*Task prompt*. Would you return, word for word, the lines of the data below from the line with "(* Let $m \equiv" through the line with "text \<open>Write \<open>m", and no others?

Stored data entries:
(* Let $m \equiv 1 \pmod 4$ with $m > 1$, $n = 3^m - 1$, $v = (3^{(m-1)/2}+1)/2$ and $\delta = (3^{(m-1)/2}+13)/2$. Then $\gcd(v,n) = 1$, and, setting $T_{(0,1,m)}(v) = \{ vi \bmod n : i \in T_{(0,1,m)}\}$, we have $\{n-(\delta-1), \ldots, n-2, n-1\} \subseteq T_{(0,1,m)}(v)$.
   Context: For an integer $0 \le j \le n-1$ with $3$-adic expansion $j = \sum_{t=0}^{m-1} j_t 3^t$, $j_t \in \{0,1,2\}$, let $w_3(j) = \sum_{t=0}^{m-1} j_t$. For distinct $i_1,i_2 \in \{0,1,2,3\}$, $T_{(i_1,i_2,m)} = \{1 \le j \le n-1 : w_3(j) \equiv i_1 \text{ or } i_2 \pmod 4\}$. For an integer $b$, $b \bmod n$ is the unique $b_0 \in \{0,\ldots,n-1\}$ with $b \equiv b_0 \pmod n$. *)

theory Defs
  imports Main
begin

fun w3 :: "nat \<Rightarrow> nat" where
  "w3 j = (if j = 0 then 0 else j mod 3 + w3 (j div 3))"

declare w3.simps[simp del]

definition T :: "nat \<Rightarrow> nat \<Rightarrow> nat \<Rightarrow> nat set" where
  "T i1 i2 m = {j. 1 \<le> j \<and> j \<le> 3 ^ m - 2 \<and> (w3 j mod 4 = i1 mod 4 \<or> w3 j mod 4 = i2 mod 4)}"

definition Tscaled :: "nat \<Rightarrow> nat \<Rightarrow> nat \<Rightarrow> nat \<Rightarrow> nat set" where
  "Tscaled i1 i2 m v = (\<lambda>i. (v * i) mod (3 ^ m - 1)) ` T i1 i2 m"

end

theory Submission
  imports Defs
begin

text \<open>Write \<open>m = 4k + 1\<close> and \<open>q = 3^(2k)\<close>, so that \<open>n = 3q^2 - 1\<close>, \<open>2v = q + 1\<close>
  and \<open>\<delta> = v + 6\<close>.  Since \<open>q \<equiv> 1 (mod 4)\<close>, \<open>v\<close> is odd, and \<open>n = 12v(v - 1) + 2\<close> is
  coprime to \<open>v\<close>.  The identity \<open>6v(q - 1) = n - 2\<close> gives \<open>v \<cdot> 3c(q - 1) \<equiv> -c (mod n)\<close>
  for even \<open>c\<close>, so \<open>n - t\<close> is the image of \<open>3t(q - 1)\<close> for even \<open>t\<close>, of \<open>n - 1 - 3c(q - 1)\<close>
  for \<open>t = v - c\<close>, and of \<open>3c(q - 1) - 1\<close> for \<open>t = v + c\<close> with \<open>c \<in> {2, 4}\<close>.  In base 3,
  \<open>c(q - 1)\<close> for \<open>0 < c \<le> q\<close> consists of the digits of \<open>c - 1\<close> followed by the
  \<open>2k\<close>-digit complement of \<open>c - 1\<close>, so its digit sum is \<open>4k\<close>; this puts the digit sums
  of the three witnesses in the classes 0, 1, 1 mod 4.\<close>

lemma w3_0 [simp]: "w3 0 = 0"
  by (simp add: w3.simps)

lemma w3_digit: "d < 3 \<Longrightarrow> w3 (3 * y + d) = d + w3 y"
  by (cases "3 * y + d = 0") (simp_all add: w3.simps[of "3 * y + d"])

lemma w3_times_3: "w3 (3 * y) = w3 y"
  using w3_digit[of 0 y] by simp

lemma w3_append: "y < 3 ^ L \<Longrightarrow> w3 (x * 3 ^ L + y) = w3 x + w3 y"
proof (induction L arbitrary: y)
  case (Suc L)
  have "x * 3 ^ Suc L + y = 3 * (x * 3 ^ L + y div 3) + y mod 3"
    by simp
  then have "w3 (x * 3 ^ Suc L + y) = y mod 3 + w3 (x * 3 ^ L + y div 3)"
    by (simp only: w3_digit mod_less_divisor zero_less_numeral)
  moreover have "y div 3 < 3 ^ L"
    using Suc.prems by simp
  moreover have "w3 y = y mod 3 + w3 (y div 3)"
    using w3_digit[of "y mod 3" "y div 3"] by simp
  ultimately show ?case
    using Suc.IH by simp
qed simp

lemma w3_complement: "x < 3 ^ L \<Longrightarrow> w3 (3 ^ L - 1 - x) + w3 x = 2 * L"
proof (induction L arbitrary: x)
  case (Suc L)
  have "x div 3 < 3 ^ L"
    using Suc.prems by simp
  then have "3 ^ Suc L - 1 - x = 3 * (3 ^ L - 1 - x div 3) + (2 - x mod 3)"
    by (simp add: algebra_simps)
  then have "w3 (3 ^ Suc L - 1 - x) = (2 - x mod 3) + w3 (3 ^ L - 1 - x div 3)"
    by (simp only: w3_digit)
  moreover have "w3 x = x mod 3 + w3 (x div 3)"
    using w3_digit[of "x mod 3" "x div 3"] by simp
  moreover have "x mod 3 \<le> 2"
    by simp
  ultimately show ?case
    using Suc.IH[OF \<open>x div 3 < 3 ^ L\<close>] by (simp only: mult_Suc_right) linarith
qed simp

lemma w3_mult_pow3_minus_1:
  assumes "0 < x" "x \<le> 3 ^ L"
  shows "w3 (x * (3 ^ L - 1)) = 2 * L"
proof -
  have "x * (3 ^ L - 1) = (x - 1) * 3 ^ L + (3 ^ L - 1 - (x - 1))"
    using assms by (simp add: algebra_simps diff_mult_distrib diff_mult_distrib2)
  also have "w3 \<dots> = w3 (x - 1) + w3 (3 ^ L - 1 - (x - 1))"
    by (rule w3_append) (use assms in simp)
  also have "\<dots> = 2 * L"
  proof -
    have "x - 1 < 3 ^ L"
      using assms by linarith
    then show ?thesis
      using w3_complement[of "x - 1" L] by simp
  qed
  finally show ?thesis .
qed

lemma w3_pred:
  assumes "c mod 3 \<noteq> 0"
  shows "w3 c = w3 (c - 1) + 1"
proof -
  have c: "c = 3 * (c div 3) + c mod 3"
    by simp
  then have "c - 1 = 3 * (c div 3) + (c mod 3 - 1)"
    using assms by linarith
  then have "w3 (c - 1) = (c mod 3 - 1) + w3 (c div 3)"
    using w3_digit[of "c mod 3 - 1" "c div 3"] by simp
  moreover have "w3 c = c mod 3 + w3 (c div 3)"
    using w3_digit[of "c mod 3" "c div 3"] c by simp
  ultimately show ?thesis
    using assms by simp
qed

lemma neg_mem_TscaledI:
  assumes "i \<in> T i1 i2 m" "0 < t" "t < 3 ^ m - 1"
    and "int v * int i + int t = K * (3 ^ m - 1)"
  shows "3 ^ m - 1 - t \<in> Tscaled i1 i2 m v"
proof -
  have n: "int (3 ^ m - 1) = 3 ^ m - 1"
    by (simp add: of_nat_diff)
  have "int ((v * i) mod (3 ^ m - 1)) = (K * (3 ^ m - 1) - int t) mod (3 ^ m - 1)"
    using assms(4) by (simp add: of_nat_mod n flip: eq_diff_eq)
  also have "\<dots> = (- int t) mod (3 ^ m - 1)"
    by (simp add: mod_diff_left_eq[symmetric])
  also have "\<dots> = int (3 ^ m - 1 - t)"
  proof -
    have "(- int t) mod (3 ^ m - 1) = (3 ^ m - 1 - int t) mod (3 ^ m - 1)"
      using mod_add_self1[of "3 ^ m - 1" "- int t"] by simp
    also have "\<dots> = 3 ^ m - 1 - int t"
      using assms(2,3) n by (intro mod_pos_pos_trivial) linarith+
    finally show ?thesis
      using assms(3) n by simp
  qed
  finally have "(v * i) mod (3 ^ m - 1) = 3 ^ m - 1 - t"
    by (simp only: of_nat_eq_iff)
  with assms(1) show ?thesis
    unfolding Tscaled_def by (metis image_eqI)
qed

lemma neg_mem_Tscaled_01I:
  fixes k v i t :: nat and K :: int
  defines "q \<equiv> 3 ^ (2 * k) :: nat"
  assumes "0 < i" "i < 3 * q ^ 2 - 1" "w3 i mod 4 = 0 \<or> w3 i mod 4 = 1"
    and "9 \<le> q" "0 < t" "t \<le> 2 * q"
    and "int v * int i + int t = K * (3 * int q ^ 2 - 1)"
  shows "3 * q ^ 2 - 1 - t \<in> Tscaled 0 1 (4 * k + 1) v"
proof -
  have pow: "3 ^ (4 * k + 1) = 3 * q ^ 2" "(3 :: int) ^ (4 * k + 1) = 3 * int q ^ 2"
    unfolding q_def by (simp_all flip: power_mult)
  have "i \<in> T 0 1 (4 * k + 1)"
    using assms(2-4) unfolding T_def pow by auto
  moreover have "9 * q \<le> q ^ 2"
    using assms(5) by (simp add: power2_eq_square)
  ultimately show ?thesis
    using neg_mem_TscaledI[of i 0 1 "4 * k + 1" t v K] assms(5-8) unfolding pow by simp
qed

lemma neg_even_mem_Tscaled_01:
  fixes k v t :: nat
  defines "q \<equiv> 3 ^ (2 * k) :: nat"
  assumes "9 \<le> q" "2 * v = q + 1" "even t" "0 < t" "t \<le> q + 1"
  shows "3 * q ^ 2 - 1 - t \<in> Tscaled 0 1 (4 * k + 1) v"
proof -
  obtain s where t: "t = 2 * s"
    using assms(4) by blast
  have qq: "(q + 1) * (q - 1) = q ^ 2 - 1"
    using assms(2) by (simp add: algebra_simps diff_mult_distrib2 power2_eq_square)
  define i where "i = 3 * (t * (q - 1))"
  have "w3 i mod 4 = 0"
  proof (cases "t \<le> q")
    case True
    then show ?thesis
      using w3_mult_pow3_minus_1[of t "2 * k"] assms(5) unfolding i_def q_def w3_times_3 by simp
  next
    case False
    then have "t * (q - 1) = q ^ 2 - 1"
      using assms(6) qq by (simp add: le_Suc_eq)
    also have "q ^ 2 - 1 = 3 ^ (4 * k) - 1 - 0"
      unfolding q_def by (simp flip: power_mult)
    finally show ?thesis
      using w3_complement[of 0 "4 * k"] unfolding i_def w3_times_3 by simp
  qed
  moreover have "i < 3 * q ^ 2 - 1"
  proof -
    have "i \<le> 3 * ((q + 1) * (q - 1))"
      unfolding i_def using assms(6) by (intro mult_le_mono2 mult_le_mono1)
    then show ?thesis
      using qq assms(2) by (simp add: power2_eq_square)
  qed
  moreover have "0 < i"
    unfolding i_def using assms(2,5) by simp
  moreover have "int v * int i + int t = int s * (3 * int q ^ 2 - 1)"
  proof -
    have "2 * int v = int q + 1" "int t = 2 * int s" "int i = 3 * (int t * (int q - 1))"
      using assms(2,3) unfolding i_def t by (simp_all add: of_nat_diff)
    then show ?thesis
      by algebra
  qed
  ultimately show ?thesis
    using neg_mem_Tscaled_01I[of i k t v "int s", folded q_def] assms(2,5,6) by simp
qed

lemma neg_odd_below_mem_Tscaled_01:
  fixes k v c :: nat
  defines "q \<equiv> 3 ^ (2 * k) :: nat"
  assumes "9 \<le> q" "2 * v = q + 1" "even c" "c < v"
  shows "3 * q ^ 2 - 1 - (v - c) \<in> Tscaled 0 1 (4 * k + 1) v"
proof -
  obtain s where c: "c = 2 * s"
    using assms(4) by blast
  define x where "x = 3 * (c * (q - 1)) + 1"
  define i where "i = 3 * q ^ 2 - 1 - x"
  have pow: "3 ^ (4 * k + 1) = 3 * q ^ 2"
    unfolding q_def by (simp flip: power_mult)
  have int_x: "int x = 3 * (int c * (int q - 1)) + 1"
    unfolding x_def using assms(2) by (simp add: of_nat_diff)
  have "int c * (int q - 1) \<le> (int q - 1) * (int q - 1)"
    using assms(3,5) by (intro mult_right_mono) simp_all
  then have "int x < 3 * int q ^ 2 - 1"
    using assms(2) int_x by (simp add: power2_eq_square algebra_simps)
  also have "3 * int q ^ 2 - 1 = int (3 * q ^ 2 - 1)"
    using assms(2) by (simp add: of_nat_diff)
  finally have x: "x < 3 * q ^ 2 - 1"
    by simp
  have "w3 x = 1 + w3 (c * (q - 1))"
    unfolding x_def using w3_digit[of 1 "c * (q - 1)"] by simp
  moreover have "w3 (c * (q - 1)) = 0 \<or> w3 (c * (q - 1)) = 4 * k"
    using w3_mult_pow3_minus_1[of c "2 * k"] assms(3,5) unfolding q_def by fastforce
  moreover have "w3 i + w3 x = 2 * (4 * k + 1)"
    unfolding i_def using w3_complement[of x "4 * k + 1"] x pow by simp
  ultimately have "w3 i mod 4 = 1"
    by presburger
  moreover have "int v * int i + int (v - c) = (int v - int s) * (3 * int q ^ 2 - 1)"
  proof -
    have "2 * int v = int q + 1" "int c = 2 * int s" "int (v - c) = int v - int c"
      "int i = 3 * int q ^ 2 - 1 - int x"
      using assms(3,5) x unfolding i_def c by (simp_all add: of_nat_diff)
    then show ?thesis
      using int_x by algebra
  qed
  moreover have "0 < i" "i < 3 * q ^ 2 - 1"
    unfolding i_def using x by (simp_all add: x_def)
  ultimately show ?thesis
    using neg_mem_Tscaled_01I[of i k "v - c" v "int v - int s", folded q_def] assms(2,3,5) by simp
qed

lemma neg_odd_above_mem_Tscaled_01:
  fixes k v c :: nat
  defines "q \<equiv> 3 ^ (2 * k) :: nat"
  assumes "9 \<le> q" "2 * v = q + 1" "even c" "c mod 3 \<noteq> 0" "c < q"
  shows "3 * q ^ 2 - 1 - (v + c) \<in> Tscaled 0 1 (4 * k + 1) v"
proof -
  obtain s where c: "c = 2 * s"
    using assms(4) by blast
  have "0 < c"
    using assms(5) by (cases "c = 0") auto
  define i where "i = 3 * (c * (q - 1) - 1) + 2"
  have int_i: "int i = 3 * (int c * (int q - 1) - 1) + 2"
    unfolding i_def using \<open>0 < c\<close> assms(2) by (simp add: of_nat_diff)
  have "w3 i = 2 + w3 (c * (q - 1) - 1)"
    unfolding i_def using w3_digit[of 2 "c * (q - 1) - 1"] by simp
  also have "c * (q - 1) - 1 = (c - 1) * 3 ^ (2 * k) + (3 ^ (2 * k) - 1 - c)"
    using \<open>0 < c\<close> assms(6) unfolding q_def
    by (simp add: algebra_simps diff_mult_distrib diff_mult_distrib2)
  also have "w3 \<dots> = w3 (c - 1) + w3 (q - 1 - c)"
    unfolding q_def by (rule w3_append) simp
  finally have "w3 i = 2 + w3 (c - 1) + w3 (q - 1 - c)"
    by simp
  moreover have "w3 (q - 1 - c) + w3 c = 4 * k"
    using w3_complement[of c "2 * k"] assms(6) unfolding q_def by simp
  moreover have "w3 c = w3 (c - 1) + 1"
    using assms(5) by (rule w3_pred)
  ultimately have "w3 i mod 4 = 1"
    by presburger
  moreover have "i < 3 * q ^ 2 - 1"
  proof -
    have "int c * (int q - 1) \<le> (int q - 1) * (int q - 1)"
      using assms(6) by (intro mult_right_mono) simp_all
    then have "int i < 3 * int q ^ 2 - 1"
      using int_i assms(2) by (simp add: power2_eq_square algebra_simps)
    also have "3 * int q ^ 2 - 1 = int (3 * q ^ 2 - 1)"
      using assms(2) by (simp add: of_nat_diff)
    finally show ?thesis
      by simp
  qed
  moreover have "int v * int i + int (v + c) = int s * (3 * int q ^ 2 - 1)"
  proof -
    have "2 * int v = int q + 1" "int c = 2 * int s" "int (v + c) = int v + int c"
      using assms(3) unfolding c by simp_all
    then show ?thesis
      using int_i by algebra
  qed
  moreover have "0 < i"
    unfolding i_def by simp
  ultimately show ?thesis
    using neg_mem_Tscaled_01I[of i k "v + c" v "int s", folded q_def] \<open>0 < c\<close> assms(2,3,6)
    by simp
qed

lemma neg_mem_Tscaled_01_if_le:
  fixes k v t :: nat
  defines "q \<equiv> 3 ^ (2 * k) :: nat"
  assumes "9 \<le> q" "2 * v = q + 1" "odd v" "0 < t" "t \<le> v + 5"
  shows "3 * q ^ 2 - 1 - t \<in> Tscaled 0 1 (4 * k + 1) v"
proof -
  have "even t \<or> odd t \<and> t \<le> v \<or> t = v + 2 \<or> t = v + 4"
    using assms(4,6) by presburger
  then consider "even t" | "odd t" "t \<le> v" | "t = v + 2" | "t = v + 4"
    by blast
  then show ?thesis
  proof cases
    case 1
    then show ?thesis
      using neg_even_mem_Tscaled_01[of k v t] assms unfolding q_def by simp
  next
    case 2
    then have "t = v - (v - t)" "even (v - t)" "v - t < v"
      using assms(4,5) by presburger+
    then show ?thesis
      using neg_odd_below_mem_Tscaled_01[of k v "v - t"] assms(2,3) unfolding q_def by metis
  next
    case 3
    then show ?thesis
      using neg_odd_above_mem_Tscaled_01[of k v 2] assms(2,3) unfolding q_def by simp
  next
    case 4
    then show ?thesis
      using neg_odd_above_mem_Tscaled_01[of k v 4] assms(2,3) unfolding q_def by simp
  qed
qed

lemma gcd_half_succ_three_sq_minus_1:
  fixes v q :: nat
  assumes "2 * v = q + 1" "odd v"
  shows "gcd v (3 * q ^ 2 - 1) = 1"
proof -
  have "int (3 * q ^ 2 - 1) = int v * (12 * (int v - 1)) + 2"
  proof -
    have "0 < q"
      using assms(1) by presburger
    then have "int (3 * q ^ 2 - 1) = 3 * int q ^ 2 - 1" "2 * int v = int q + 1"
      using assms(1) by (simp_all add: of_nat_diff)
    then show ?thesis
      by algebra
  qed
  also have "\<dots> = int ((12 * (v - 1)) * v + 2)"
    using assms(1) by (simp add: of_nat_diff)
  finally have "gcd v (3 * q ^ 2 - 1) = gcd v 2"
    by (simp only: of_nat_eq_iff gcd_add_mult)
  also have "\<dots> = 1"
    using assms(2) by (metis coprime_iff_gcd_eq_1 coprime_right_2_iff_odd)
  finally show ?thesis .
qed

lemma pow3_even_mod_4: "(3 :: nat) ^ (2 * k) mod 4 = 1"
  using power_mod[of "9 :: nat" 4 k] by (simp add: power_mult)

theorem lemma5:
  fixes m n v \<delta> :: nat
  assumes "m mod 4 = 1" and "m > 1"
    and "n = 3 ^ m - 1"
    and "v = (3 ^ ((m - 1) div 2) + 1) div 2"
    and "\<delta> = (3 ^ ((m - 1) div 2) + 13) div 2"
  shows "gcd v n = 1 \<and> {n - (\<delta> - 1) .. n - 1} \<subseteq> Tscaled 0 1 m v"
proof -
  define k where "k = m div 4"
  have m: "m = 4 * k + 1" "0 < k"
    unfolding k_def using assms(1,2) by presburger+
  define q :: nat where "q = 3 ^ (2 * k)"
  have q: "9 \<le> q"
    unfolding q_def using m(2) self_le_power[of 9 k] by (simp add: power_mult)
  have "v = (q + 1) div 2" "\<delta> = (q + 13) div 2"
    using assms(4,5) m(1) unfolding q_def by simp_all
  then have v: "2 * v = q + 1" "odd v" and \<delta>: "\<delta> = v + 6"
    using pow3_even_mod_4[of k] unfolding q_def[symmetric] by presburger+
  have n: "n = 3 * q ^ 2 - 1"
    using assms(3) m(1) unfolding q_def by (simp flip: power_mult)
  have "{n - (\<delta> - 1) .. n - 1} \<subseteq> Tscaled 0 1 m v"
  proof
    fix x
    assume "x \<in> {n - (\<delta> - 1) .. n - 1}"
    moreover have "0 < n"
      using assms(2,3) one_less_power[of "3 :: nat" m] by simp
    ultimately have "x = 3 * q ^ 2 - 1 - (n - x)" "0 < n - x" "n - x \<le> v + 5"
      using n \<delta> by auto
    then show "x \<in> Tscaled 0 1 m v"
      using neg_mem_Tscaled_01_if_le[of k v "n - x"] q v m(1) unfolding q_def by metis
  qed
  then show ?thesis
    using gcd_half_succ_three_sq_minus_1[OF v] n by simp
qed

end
--
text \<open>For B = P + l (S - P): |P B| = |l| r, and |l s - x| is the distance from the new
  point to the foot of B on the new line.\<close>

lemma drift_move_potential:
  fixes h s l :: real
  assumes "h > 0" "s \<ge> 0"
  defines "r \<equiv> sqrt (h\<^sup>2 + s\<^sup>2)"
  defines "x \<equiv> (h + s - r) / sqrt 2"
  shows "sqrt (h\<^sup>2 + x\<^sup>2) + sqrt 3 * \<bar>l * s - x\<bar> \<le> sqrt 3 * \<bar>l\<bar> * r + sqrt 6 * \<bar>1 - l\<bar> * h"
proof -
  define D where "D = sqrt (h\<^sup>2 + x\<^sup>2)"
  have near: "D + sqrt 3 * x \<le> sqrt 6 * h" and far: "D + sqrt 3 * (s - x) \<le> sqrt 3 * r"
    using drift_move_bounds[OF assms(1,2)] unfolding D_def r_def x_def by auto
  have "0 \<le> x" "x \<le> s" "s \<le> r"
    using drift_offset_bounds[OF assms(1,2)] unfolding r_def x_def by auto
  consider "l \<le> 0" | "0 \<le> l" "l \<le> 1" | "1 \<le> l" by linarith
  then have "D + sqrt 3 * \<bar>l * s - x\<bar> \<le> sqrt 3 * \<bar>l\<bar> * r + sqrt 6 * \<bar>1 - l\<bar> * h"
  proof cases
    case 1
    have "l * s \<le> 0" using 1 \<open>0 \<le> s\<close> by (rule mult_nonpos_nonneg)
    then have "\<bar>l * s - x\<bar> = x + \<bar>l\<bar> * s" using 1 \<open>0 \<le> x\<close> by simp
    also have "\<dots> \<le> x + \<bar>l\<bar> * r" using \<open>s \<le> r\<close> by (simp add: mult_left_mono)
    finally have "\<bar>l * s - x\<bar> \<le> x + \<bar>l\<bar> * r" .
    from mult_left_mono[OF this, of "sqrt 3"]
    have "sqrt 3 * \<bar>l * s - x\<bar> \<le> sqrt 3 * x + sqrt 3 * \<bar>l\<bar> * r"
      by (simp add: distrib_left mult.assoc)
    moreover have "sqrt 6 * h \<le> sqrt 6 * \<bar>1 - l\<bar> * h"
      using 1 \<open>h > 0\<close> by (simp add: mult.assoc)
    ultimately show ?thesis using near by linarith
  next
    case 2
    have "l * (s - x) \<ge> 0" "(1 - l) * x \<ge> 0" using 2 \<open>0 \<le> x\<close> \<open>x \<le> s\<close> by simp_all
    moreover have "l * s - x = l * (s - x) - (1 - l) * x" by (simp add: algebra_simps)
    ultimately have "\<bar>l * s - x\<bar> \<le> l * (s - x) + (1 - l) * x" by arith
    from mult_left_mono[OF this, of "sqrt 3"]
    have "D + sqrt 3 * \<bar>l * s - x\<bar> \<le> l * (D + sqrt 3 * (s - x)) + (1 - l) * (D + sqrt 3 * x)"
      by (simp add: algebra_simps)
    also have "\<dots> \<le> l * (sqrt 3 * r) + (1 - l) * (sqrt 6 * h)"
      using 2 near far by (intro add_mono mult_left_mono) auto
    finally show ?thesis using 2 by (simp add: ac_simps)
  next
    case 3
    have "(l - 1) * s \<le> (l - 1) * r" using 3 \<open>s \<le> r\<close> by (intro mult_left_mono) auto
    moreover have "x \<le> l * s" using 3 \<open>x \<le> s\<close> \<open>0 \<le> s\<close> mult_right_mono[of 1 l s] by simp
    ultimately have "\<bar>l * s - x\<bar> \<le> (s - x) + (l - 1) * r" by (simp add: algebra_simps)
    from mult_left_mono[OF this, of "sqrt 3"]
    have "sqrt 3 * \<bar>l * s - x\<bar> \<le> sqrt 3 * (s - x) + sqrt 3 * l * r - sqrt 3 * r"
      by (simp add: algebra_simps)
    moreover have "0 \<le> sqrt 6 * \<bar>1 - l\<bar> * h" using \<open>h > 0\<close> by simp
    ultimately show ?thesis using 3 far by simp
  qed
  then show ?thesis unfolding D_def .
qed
* * *
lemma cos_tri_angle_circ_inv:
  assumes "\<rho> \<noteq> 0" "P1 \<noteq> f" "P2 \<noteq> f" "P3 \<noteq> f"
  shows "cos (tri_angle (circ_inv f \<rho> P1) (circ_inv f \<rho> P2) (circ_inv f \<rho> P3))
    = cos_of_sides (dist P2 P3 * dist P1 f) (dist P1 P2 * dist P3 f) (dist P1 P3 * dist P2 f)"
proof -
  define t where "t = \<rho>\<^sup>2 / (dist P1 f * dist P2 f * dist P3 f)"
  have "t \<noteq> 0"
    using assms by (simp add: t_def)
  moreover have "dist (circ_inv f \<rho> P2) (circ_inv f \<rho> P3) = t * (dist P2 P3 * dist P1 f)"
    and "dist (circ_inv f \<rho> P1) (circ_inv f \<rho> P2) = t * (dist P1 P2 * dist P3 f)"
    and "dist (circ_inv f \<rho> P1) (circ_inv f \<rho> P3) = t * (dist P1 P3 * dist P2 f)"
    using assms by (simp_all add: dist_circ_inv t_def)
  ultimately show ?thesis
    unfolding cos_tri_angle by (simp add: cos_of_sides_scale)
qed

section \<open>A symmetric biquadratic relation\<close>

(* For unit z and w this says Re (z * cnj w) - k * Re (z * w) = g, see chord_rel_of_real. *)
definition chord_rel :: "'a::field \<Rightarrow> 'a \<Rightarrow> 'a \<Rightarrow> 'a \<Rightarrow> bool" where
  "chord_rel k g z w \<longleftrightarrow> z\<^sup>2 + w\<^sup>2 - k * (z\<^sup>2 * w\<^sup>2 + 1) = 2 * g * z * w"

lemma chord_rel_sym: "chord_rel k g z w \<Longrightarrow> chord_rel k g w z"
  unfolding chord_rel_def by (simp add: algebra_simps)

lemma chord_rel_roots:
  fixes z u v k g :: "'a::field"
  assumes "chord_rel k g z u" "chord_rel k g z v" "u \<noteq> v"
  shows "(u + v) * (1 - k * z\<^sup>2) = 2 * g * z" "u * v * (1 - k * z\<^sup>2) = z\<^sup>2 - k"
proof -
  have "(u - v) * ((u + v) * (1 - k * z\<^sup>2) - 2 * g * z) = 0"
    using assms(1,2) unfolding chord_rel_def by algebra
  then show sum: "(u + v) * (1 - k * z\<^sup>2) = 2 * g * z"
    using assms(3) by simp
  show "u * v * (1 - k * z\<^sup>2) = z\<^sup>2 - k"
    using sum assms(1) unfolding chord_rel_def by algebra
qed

*Problem solution*.
(* Let $m \equiv 1 \pmod 4$ with $m > 1$, $n = 3^m - 1$, $v = (3^{(m-1)/2}+1)/2$ and $\delta = (3^{(m-1)/2}+13)/2$. Then $\gcd(v,n) = 1$, and, setting $T_{(0,1,m)}(v) = \{ vi \bmod n : i \in T_{(0,1,m)}\}$, we have $\{n-(\delta-1), \ldots, n-2, n-1\} \subseteq T_{(0,1,m)}(v)$.
   Context: For an integer $0 \le j \le n-1$ with $3$-adic expansion $j = \sum_{t=0}^{m-1} j_t 3^t$, $j_t \in \{0,1,2\}$, let $w_3(j) = \sum_{t=0}^{m-1} j_t$. For distinct $i_1,i_2 \in \{0,1,2,3\}$, $T_{(i_1,i_2,m)} = \{1 \le j \le n-1 : w_3(j) \equiv i_1 \text{ or } i_2 \pmod 4\}$. For an integer $b$, $b \bmod n$ is the unique $b_0 \in \{0,\ldots,n-1\}$ with $b \equiv b_0 \pmod n$. *)

theory Defs
  imports Main
begin

fun w3 :: "nat \<Rightarrow> nat" where
  "w3 j = (if j = 0 then 0 else j mod 3 + w3 (j div 3))"

declare w3.simps[simp del]

definition T :: "nat \<Rightarrow> nat \<Rightarrow> nat \<Rightarrow> nat set" where
  "T i1 i2 m = {j. 1 \<le> j \<and> j \<le> 3 ^ m - 2 \<and> (w3 j mod 4 = i1 mod 4 \<or> w3 j mod 4 = i2 mod 4)}"

definition Tscaled :: "nat \<Rightarrow> nat \<Rightarrow> nat \<Rightarrow> nat \<Rightarrow> nat set" where
  "Tscaled i1 i2 m v = (\<lambda>i. (v * i) mod (3 ^ m - 1)) ` T i1 i2 m"

end

theory Submission
  imports Defs
begin

text \<open>Write \<open>m = 4k + 1\<close> and \<open>q = 3^(2k)\<close>, so that \<open>n = 3q^2 - 1\<close>, \<open>2v = q + 1\<close>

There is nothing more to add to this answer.